## [WORK TO BE COMPLETED]
Find every line in the records below that holds the word "moreover", and copy each one.

Dataset entries
lemma tree_two_vertex_reduction:
  assumes t: "is_tree V E" and three: "3 \<le> card V"
  obtains V' E' u w x where "is_tree V' E'" "card V' = card V - 2"
    "E = insert {u, w} (insert {w, x} E')" "{u, w} \<notin> E'" "{w, x} \<notin> E'" "u \<noteq> x"
    "\<And>e. e \<in> E' \<Longrightarrow> u \<notin> e"
proof -
  have sg: "simple_graph V E" using t by (simp add: is_tree_def)
  obtain u w x where ux: "u \<noteq> x" and leaf: "nbrs E u = {w}" and wx: "{w, x} \<in> E"
    and pendant: "nbrs E x = {w} \<or> nbrs E w = {u, x}"
    by (rule tree_cherry_or_pendant_path[OF t three])
  have "w \<in> nbrs E u" using leaf by simp
  then have uw: "{u, w} \<in> E" by (simp add: nbrs_def)
  note uw_edge = simple_graph_edgeD[OF sg uw] and wx_edge = simple_graph_edgeD[OF sg wx]
  define E1 where "E1 = delete_vertex u E"
  have t1: "is_tree (V - {u}) E1" unfolding E1_def using is_tree_delete_leaf[OF t leaf] .
  obtain r s where rs: "{r, s} = {w, x}" and leaf1: "nbrs E1 r = {s}"
  proof (cases "nbrs E x = {w}")
    case True
    then have "nbrs E1 x = {w}" using ux uw_edge(1) by (simp add: E1_def nbrs_delete_vertex)
    then show thesis using that[of x w] by (simp add: insert_commute)
  next
    case False
    then have "nbrs E1 w = {x}" using pendant ux uw_edge(1) by (auto simp: E1_def nbrs_delete_vertex)
    then show thesis using that[of w x] by simp
  qed
  define E2 where "E2 = delete_vertex r E1"
  have t2: "is_tree (V - {u} - {r}) E2" unfolding E2_def using is_tree_delete_leaf[OF t1 leaf1] .
  have "simple_graph (V - {u}) E1" using t1 by (simp add: is_tree_def)
  then have "E1 = insert {r, s} E2" unfolding E2_def by (rule insert_leaf_edge[OF _ leaf1])
  then have E: "E = insert {u, w} (insert {w, x} E2)"
    using insert_leaf_edge[OF sg leaf] rs by (simp add: E1_def)
  have r: "r \<in> {w, x}" using rs by blast
  then have "card (V - {u} - {r}) = card V - 2"
    using uw_edge wx_edge ux sg by (auto simp: simple_graph_def)
  moreover have E2_avoids: "u \<notin> e" "r \<notin> e" if "e \<in> E2" for e
    using that by (auto simp: E2_def E1_def delete_vertex_def)
  moreover have "{u, w} \<notin> E2" "{w, x} \<notin> E2" using E2_avoids r by blast+
  ultimately show thesis using that[OF t2 _ E _ _ ux] by blast
qed

lemma vertex_label_eq_0:
  assumes "\<And>e. e \<in> E \<Longrightarrow> v \<notin> e"
  shows "vertex_label E f v = 0"
proof -
  have "{e \<in> E. v \<in> e} = {}" using assms by blast
  then show ?thesis unfolding vertex_label_def by (metis sum.empty)
qed

lemma vertex_label_cong:
  "(\<And>e. e \<in> E \<Longrightarrow> f e = g e) \<Longrightarrow> vertex_label E f v = vertex_label E g v"
  by (auto simp: vertex_label_def intro: sum.cong)

lemma vertex_label_insert:
  assumes "finite E" "e \<notin> E"
  shows "vertex_label (insert e E) f v = vertex_label E f v + (if v \<in> e then f e else 0)"
proof (cases "v \<in> e")
  case True
  then have "{d \<in> insert e E. v \<in> d} = insert e {d \<in> E. v \<in> d}" by auto
  then show ?thesis using True assms by (simp add: vertex_label_def)
next
  case False
  then have "{d \<in> insert e E. v \<in> d} = {d \<in> E. v \<in> d}" by auto
  then show ?thesis using False by (simp add: vertex_label_def)
qed

lemma balanced_labeling_extend:
  assumes fin: "finite E" and new: "{u, w} \<notin> E" "{w, x} \<notin> E" and ux: "u \<noteq> x"
    and isolated: "\<And>e. e \<in> E \<Longrightarrow> u \<notin> e" and g: "balanced_labeling E g"
  obtains f where "balanced_labeling (insert {u, w} (insert {w, x} E)) f"
    "sum f (insert {u, w} (insert {w, x} E)) = sum g E"
proof -
  let ?E = "insert {u, w} (insert {w, x} E)" and ?L = "vertex_label E g"
  define t where "t = (if ?L x = 0 then 1 else - ?L x)"
  define f where "f = g({w, x} := t, {u, w} := - t)"
  have edges: "{u, w} \<noteq> {w, x}" using ux by (auto simp: doubleton_eq_iff)
  have f_new: "f {u, w} = - t" "f {w, x} = t" using edges by (auto simp: f_def)
  have agree: "f e = g e" if "e \<in> E" for e using that new by (auto simp: f_def)
  have "vertex_label ?E f v = vertex_label E f v
      + (if v \<in> {w, x} then f {w, x} else 0) + (if v \<in> {u, w} then f {u, w} else 0)" for v
    using vertex_label_insert[of "insert {w, x} E" "{u, w}"] vertex_label_insert[of E "{w, x}"]
      fin new edges by simp
  then have label: "vertex_label ?E f v
      = ?L v + (if v \<in> {w, x} then t else 0) + (if v \<in> {u, w} then - t else 0)" for v
    by (simp only: vertex_label_cong[of E f g, OF agree] f_new)
  have L_bound: "\<bar>?L v\<bar> \<le> 1" for v using g by (simp add: balanced_labeling_def)
  have t: "t \<in> {-1, 1}" "\<bar>?L x + t\<bar> \<le> 1" using L_bound[of x] unfolding t_def by auto
  have "?L u = 0" using isolated by (rule vertex_label_eq_0)
  have "\<bar>vertex_label ?E f v\<bar> \<le> 1" for v
  proof -
    consider "v = u" | "v = x" | "v \<noteq> u" "v \<noteq> x" by blast
    then show ?thesis
    proof cases
      case 1
      then show ?thesis using \<open>?L u = 0\<close> t(1) ux unfolding label by auto
    next
      case 2
      then show ?thesis using L_bound[of w] t(2) ux unfolding label by auto
    next
      case 3
      then show ?thesis using L_bound[of v] unfolding label by auto
    qed
  qed
  moreover have "\<forall>e\<in>?E. f e \<in> {-1, 1}"
    using g t f_new agree by (auto simp: balanced_labeling_def)
  moreover have "sum f E = sum g E" using agree by (rule sum.cong[OF refl])
  then have "sum f ?E = sum g E" using fin new edges f_new by simp
  ultimately show thesis using that[of f] unfolding balanced_labeling_def by blast
qed

lemma even_tree_balanced_labeling:
  assumes "is_tree V E" "even (card V)"
  shows "\<exists>f. balanced_labeling E f \<and> sum f E \<in> {-1, 1}"
  using assms
proof (induction "card V" arbitrary: V E rule: less_induct)
  case less
  have t: "is_tree V E" by fact
  have "card V \<noteq> 0" using t by (simp add: is_tree_def simple_graph_def)
  with less.prems(2) have "card V = 2 \<or> 4 \<le> card V" by presburger
  then consider "card V = 2" | "4 \<le> card V" by blast
  then show ?case
  proof cases
    case 1
    then obtain a b where V: "V = {a, b}" "a \<noteq> b" by (auto simp: card_2_iff)
    then have E: "E = {{a, b}}" by (rule is_tree_two_vertices[OF t])
    have "vertex_label E (\<lambda>_. 1) v = (if v \<in> {a, b} then 1 else 0)" for v
      using vertex_label_insert[of "{}" "{a, b}"] vertex_label_eq_0[of "{}"] E by simp
    then have "balanced_labeling E (\<lambda>_. 1)" by (simp add: balanced_labeling_def)
    then show ?thesis using E by auto
  next
    case 2
    then have "3 \<le> card V" by simp
    obtain V' E' u w x where t': "is_tree V' E'" and card: "card V' = card V - 2"
      and E: "E = insert {u, w} (insert {w, x} E')"
      and new: "{u, w} \<notin> E'" "{w, x} \<notin> E'" and ux: "u \<noteq> x"
      and isolated: "\<And>e. e \<in> E' \<Longrightarrow> u \<notin> e"
      using tree_two_vertex_reduction[OF t \<open>3 \<le> card V\<close>] by blast
    obtain g where g: "balanced_labeling E' g" "sum g E' \<in> {-1, 1}"
      using less.hyps[OF _ t'] card less.prems(2) 2 by force
    have "finite E'" using t' simple_graph_finite_edges by (auto simp: is_tree_def)
    then obtain f where "balanced_labeling E f" "sum f E = sum g E'"
      using balanced_labeling_extend[OF _ new ux isolated g(1)] unfolding E by metis
    then show ?thesis using g(2) by auto
  qed
qed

## [EXERCISE OUTPUT]
  moreover have E2_avoids: "u \<notin> e" "r \<notin> e" if "e \<in> E2" for e
  moreover have "{u, w} \<notin> E2" "{w, x} \<notin> E2" using E2_avoids r by blast+
  moreover have "\<forall>e\<in>?E. f e \<in> {-1, 1}"
  moreover have "sum f E = sum g E" using agree by (rule sum.cong[OF refl])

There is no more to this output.